(* Let $\Phi=(A;A^*;\{E_i\}_{i=0}^d;\{E^*_i\}_{i=0}^d)$ be a Leonard system in $\mathcal A$ with eigenvalue sequence $\theta_0,\dots,\theta_d$, dual eigenvalue sequence $\theta^*_0,\dots,\theta^*_d$, first split sequence $\varphi_1,\dots,\varphi_d$ and second split sequence $\phi_1,\dots,\phi_d$, and let $k_i=\nu\,\mathrm{tr}(E^*_iE_0)$. Then $$k_i=\frac{\varphi_1\varphi_2\cdots\varphi_i}{\phi_1\phi_2\cdots\phi_i}\cdot\frac{\eta^*_d(\theta^*_0)}{\tau^*_i(\theta^*_i)\,\eta^*_{d-i}(\theta^*_i)}\qquad(0\le i\le d).$$
   Context: Let $\mathbb K$ be a field, $d\ge 0$ an integer, and $\mathcal A$ a $\mathbb K$-algebra isomorphic to the full matrix algebra $\mathrm{Mat}_{d+1}(\mathbb K)$; $I$ is its identity. An element of $\mathcal A$ is multiplicity-free if it has $d+1$ mutually distinct eigenvalues in $\mathbb K$. If $A$ is multiplicity-free with eigenvalues $\theta_0,\dots,\theta_d$, the primitive idempotent of $A$ associated with $\theta_i$ is $E_i=\prod_{j\ne i}(A-\theta_jI)/(\theta_i-\theta_j)$. A Leonard system in $\mathcal A$ is a sequence $\Phi=(A;A^*;\{E_i\}_{i=0}^d;\{E^*_i\}_{i=0}^d)$ such that (i) $A,A^*\in\mathcal A$ are multiplicity-free; (ii) $E_0,\dots,E_d$ is an ordering of the primitive idempotents of $A$; (iii) $E^*_0,\dots,E^*_d$ is an ordering of the primitive idempotents of $A^*$; (iv) $E_iA^*E_j=0$ if $|i-j|>1$ and $E_iA^*E_j\ne0$ if $|i-j|=1$ ($0\le i,j\le d$); (v) $E^*_iAE^*_j=0$ if $|i-j|>1$ and $E^*_iAE^*_j\ne0$ if $|i-j|=1$ ($0\le i,j\le d$). Here $A^*$ is merely notation (not an adjoint). $\theta_i$ (resp. $\theta^*_i$) is the eigenvalue of $A$ (resp. $A^*$) associated with $E_i$ (resp. $E^*_i$). The scalar $\mathrm{tr}(E_0E^*_0)$ is nonzero and $\nu$ is its inverse. First split sequence of a Leonard system $\Psi=(B;B^*;\{F_i\};\{F^*_i\})$ with eigenvalues $\sigma_i$ (for $F_i$) and dual eigenvalues $\sigma^*_i$ (for $F^*_i$): on an irreducible module $V$, $U_i=(F^*_0V+\cdots+F^*_iV)\cap(F_iV+\cdots+F_dV)$ is $1$-dimensional and, for $1\le i\le d$, an eigenspace of $(B-\sigma_{i-1}I)(B^*-\sigma^*_iI)$ with nonzero eigenvalue, denoted $\varphi_i(\Psi)$. The first split sequence of $\Phi$ is $\varphi_i=\varphi_i(\Phi)$; the second split sequence is $\phi_i=\varphi_i(\Phi^{\Downarrow})$, where $\Phi^{\Downarrow}=(A;A^*;\{E_{d-i}\}_{i=0}^d;\{E^*_i\}_{i=0}^d)$ (also a Leonard system). Polynomials: $\tau^*_i=\prod_{h=0}^{i-1}(\lambda-\theta^*_h)$, $\eta^*_i=\prod_{h=0}^{i-1}(\lambda-\theta^*_{d-h})$ (empty products $=1$). *)

theory Defs
  imports "Jordan_Normal_Form.Char_Poly"
begin
lemma hmonom_in_hahn: "hmonom \<gamma> c \<in> hahn"
proof -
  have "{g. hmonom \<gamma> c g \<noteq> 0} \<subseteq> {\<gamma>}" by (auto simp: hmonom_def)
  then show ?thesis unfolding in_hahn_iff
    by (meson finite.emptyI finite_insert finite_subset finite_imp_well_ordered)
qed

lemma hconst_eq_hmonom: "hconst c = hmonom 0 c"
  unfolding hconst_def hmonom_def by simp

lemma hconst_in_hahn: "hconst c \<in> hahn"
  unfolding hconst_eq_hmonom by (rule hmonom_in_hahn)

lemma hconst_0: "hconst 0 = hzero"
  unfolding hconst_def hzero_def by auto

lemma hval_eqI:
  assumes "a g \<noteq> 0" "\<And>h. h < g \<Longrightarrow> a h = 0"
  shows "hval a = g"
  unfolding hval_def by (rule Least_equality) (use assms in \<open>force simp: not_less[symmetric]\<close>)+

lemma
  assumes "a \<in> hahn" "a \<noteq> hzero"
  shows hval_coeff_neq_0: "a (hval a) \<noteq> 0"
    and hval_le: "a g \<noteq> 0 \<Longrightarrow> hval a \<le> g"
proof -
  have wo: "well_ordered_set {g. a g \<noteq> 0}" and ne: "{g. a g \<noteq> 0} \<noteq> {}"
    using assms by (auto simp: in_hahn_iff neq_hzero_iff)
  obtain m where m: "a m \<noteq> 0" "\<And>g. a g \<noteq> 0 \<Longrightarrow> m \<le> g"
    using well_ordered_setE[OF wo order_refl ne] by (metis mem_Collect_eq)
  have "hval a = m"
  proof (rule hval_eqI)
    show "\<And>h. h < m \<Longrightarrow> a h = 0" using m(2) by (meson not_le)
  qed (fact m(1))
  then show "a (hval a) \<noteq> 0" "a g \<noteq> 0 \<Longrightarrow> hval a \<le> g" using m by auto
qed

lemma coeff_less_hval: "a \<in> hahn \<Longrightarrow> g < hval a \<Longrightarrow> a g = 0"
  using hval_le[of a g] by (cases "a = hzero") (auto simp: not_le[symmetric])

lemma hval_hconst: "c \<noteq> 0 \<Longrightarrow> hval (hconst c) = 0"
  by (rule hval_eqI) (auto simp: hconst_def)

lemma hval_scale:
  "(c::'k::field) \<noteq> 0 \<Longrightarrow> hval (\<lambda>g. c * a g) = hval (a :: 'g::linordered_ab_group_add \<Rightarrow> 'k)"
  unfolding hval_def by simp

lemma hval_uminus: "hval (\<lambda>g. - a g) = hval a"
  unfolding hval_def by simp

lemma vgt_iff_hval_less: "a \<noteq> hzero \<Longrightarrow> b \<noteq> hzero \<Longrightarrow> vgt a b \<longleftrightarrow> hval b < hval a"
  unfolding vgt_def by simp
(* Let $\mathcal{P}=(|K|,V)$ be a polyhedral model and $x_1,x_2\in|K|$. The following are equivalent: (a) $x_1\approx_\triangle x_2$ in $\mathcal{P}$; (b) $x_1\equiv_\eta x_2$ in $\mathcal{P}$; (c) $\mathbb{F}(x_1)\equiv_\eta\mathbb{F}(x_2)$ in $\mathbb{F}(\mathcal{P})$; (d) $\mathbb{F}(x_1)\approx_\pm\mathbb{F}(x_2)$ in $\mathbb{F}(\mathcal{P})$.
   Context: Fix a set PL of proposition letters. A simplex $\sigma\subseteq\mathbb{R}^m$ is the convex hull of $d+1$ affinely independent points; its faces are the simplices spanned by nonempty subsets of its vertices; its relative interior (cell) is $\tilde\sigma=\{\sum_i\lambda_iv_i:\lambda_i\in(0,1],\sum_i\lambda_i=1\}$. A simplicial complex $K$ is a finite set of simplices in $\mathbb{R}^m$ closed under faces, any two of which intersect in a common face or in $\emptyset$. Its set of cells $\tilde K$ is partially ordered by $\tilde\sigma_1\preceq\tilde\sigma_2$ iff $\tilde\sigma_1$ is contained in the topological closure of $\tilde\sigma_2$. The polyhedron $|K|$ is the union of its simplices with the subspace topology; the cells partition $|K|$. A polyhedral model is $\mathcal{P}=(|K|,V)$ with $V:\mathrm{PL}\to\mathcal{P}(|K|)$, each $V(p)$ a union of cells. Its cell poset model is $\mathbb{F}(\mathcal{P})=(\tilde K,\preceq,\mathcal{V})$ with $\tilde\sigma\in\mathcal{V}(p)$ iff $\tilde\sigma\subseteq V(p)$; $\mathbb{F}(x)$ is the unique cell containing $x$. A topological path from $x$ is a continuous $\pi:[0,1]\to|K|$ with $\pi(0)=x$. In a poset $(W,\preceq)$, a $\pm$-path of length $\ell\ge2$ from $w$ is $\pi:\{0,\dots,\ell\}\to W$ with $\pi(0)=w$, consecutive elements comparable, $\pi(0)\preceq\pi(1)$ and $\pi(\ell)\preceq\pi(\ell-1)$. SLCS$_\eta$ formulas: $\Phi::=p\mid\neg\Phi\mid\Phi_1\wedge\Phi_2\mid\eta(\Phi_1,\Phi_2)$. On $\mathcal{P}$: $x\models p$ iff $x\in V(p)$; $x\models\eta(\Phi_1,\Phi_2)$ iff some topological path $\pi$ from $x$ has $\pi(1)\models\Phi_2$ and $\pi(r)\models\Phi_1$ for all $r\in[0,1)$. On a poset model $(W,\preceq,\mathcal{V})$: $w\models p$ iff $w\in\mathcal{V}(p)$; $w\models\eta(\Phi_1,\Phi_2)$ iff some $\pm$-path $\pi$ of length $\ell$ from $w$ has $\pi(\ell)\models\Phi_2$ and $\pi(i)\models\Phi_1$ for all $0\le i<\ell$. Negation and conjunction standard. $\equiv_\eta$ is equality of satisfied SLCS$_\eta$ formulas in the given model. A weak simplicial bisimulation on $\mathcal{P}$ is a symmetric $B\subseteq|K|\times|K|$ such that whenever $B(x_1,x_2)$: (1) $x_1\in V(p)\iff x_2\in V(p)$ for all $p$; (2) for each topological path $\pi_1$ from $x_1$ there is a topological path $\pi_2$ from $x_2$ with $B(\pi_1(1),\pi_2(1))$ and for all $r_2\in[0,1)$ some $r_1\in[0,1)$ with $B(\pi_1(r_1),\pi_2(r_2))$; $\approx_\triangle$ is the union of all such relations. A weak $\pm$-bisimulation on a poset model $(W,\preceq,\mathcal{V})$ is a symmetric $B\subseteq W\times W$ such that whenever $B(w_1,w_2)$: (1) $w_1\in\mathcal{V}(p)\iff w_2\in\mathcal{V}(p)$ for all $p$; (2) for all $u_1,d_1$ with ($w_1\preceq u_1$ or $u_1\preceq w_1$) and $d_1\preceq u_1$ there is a $\pm$-path $\pi_2$ of length $\ell_2$ from $w_2$ with $B(d_1,\pi_2(\ell_2))$ and for all $0\le j<\ell_2$, $B(w_1,\pi_2(j))$ or $B(u_1,\pi_2(j))$; $\approx_\pm$ is the union of all such relations. *)

theory Defs
  imports "HOL-Analysis.Analysis"
begin
(* Under the standing assumptions below, the Bellman operator $\mathcal B$ maps $\mathcal N$ into itself: $\mathcal B(\mathcal N)\subset\mathcal N$.
   Context: Setup. Let $\mathcal S$ be a finite set and $(s_t)_{t\ge0}$ a Markov chain on $\mathcal S$ with transition probabilities $\pi(s'|s)>0$ for all $s,s'\in\mathcal S$; $\mathbb E_{s_t}$ denotes expectation over future shocks conditional on the history $s^t=(s_0,\dots,s_t)$. Let $\mathcal A\subset\mathbb R^n$ be a finite set, $\mathcal X\subseteq\mathbb R^m$ a countable set, $\zeta:\mathcal X\times\mathcal A\times\mathcal S\to\mathcal X$, $p:\mathcal X\times\mathcal A\times\mathcal S\to\mathbb R$, $r,g^1,\dots,g^I:\mathcal X\times\mathcal A\times\mathcal S\to\mathbb R$ bounded functions, $\bar g^1,\dots,\bar g^I\in\mathbb R$ and $\beta\in(0,1)$. A plan is a family $a=(a(s^t))_{t\ge0,\,s^t\in\mathcal S^{t+1}}$ with $a(s^t)\in\mathcal A$; given $x_0$ it induces states $x(s^0)=x_0$, $x(s^{t+1})=\zeta(x(s^t),a(s^t),s_t)$. Let $\tilde{\mathcal A}(x,s)=\{a\in\mathcal A:p(x,a,s)\ge0\}$ and $\tilde{\mathcal A}^\infty(x_0)$ the set of plans with $a(s^t)\in\tilde{\mathcal A}(x(s^t),s_t)$ for all $t,s^t$. A plan is feasible for $(x_0,s_0)$ if it lies in $\tilde{\mathcal A}^\infty(x_0)$ and $\mathbb E_{s_t}\sum_{n\ge0}\beta^ng^i(x(s^{t+n}),a(s^{t+n}),s_{t+n})\ge\bar g^i$ for all $t,s^t,i$. Standing assumption: for every $(x_0,s_0)$ a feasible plan exists. Function spaces. Let $L=(\|r\|_\infty+\sum_{i=1}^I\|g^i\|_\infty)/(1-\beta)$, $B(k)=\{\gamma\in\mathbb R^I_+:\|\gamma\|_\infty\le k\}$, and enumerate $\mathcal S=\{s_1,\dots,s_{|\mathcal S|}\}$, $\mathcal X=\{x_1,x_2,\dots\}$. $\mathcal M$ is the set of $F:\mathbb R^I_+\times\mathcal X\times\mathcal S\to\mathbb R$ with $F(\cdot,x,s)\in L^\infty(B(k))$ for all $k\in\mathbb N_+$, $x,s$, and $\|F\|_{\mathcal M}:=\sum_{i}2^{-i}\sum_j2^{-j}\sum_{k\ge1}2^{-k}\|F(\cdot,x_j,s_i)\|_{L^\infty(B(k))}<\infty$. $\mathcal N\subset\mathcal M$ is the set of $F\in\mathcal M$ such that for all $x,s$: (i) $F(\cdot,x,s)$ is convex; (ii) $|F(\gamma_1,x,s)-F(\gamma_2,x,s)|\le L\|\gamma_1-\gamma_2\|_1$; (iii) $F(\gamma,x,s)\ge v^0+\sum_i\gamma^iv^i$ for every feasible plan for $(x,s)$, where $v^0=\mathbb E_{s}\sum_t\beta^tr(x(s^t),a(s^t),s_t)$, $v^i=\mathbb E_s\sum_t\beta^tg^i(x(s^t),a(s^t),s_t)$ (with $x_0=x,s_0=s$); (iv) $F(\gamma,x,s)\le(1+\sum_i\gamma^i)L$. Bellman operator: for $F:\mathbb R^I_+\times\mathcal X\times\mathcal S\to\mathbb R$, $\mathcal B(F)(\gamma,x,s)=\inf_{\lambda\in\mathbb R^I_+}\sup_{a\in\tilde{\mathcal A}(x,s)}\big[r(x,a,s)+\sum_i(\gamma^ig^i(x,a,s)+\lambda^i(g^i(x,a,s)-\bar g^i))+\beta\mathbb E_sF(\gamma+\lambda,\zeta(x,a,s),s')\big]$, where $\mathbb E_s$ is expectation over $s'\sim\pi(\cdot|s)$. *)

theory Defs
  imports "HOL-Probability.Probability"
begin
(* In the setting of the context, let $h:\mathbb{R}^{p_z}\to\mathbb{R}$ be measurable with $h(Z)$ non-degenerate (not almost surely constant), and let $V=[h(Z),\,U-h(Z)]'\in\mathbb{R}^2$, with all expectations involved finite. Suppose $K$ has the omnibus property. Then $V$ satisfies Condition 1 and Condition 2. In particular, under $\mathbb{H}_o$, $\mu_V(Z)=h(Z)[1,-1]'$ is not almost surely zero, and under $\mathbb{H}_a$, $\delta_V\neq0$.
   Context: Let $\nu$ be a measure on $\mathbb{R}^{p_z}$ symmetric about the origin and $K(z)=\int_{\mathbb{R}^{p_z}}(1-\cos(z's))\nu(ds)$ (so $K(-z)=K(z)$). Let $U\in\mathbb{R}$ with $\mathbb{E}U=0$, $Z\in\mathbb{R}^{p_z}$, $V\in\mathbb{R}^{p_v}$ be jointly distributed, $D=(U,V,Z)$, and $D^\dagger=(U^\dagger,V^\dagger,Z^\dagger)$ an independent copy of $D$. Define $\mathrm{GMDD}(U|Z)=-\mathbb{E}[UU^\dagger K(Z-Z^\dagger)]$, $\mu_U(z)=\mathbb{E}[U|Z=z]$, $\mu_V(z)=\mathbb{E}[V|Z=z]$, $m(z)=\mathbb{E}[K(Z-Z^\dagger)V^\dagger\mid Z=z]$, and $\delta_V=\mathbb{E}[K(Z-Z^\dagger)VU^\dagger]\in\mathbb{R}^{p_v}$. $\mathbb{H}_o$: $\mu_U(Z)=0$ a.s.; $\mathbb{H}_a$: $\mathbb{P}(\mu_U(Z)\ne0)>0$. $K$ has the omnibus property if $\mathrm{GMDD}(U|Z)=0$ exactly when $\mathbb{H}_o$ holds. Condition 1: if $\mathbb{H}_a$ holds, then $\mathbb{E}[m(Z)\mu_U(Z)]\ne0\in\mathbb{R}^{p_v}$. Condition 2 (first-order non-degeneracy): under $\mathbb{H}_o$, $\mu_V(Z)$ is not almost surely the zero vector. *)

theory Defs
  imports "HOL-Probability.Probability"
begin

definition sigmaZ :: "'a measure \<Rightarrow> ('a \<Rightarrow> 'z::topological_space) \<Rightarrow> 'a measure" where
  "sigmaZ M Z = vimage_algebra (space M) Z borel"

definition muU :: "'a measure \<Rightarrow> ('a \<Rightarrow> real) \<Rightarrow> ('a \<Rightarrow> 'z::topological_space) \<Rightarrow> 'a \<Rightarrow> real" where
  "muU M U Z = real_cond_exp M (sigmaZ M Z) U"

definition muV :: "'a measure \<Rightarrow> ('a \<Rightarrow> 'z::topological_space) \<Rightarrow> ('a \<Rightarrow> 'v::euclidean_space) \<Rightarrow> 'a \<Rightarrow> 'v" where
  "muV M Z V = (\<lambda>x. \<Sum>b\<in>Basis. real_cond_exp M (sigmaZ M Z) (\<lambda>y. V y \<bullet> b) x *\<^sub>R b)"

definition H0 :: "'a measure \<Rightarrow> ('a \<Rightarrow> real) \<Rightarrow> ('a \<Rightarrow> 'z::topological_space) \<Rightarrow> bool" where
  "H0 M U Z \<longleftrightarrow> (AE x in M. muU M U Z x = 0)"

——

Task to carry out ▸ All lines of the records containing "rule" should be shown.

Written solution ▸
  unfolding hconst_eq_hmonom by (rule hmonom_in_hahn)
  unfolding hval_def by (rule Least_equality) (use assms in \<open>force simp: not_less[symmetric]\<close>)+
  proof (rule hval_eqI)
  by (rule hval_eqI) (auto simp: hconst_def)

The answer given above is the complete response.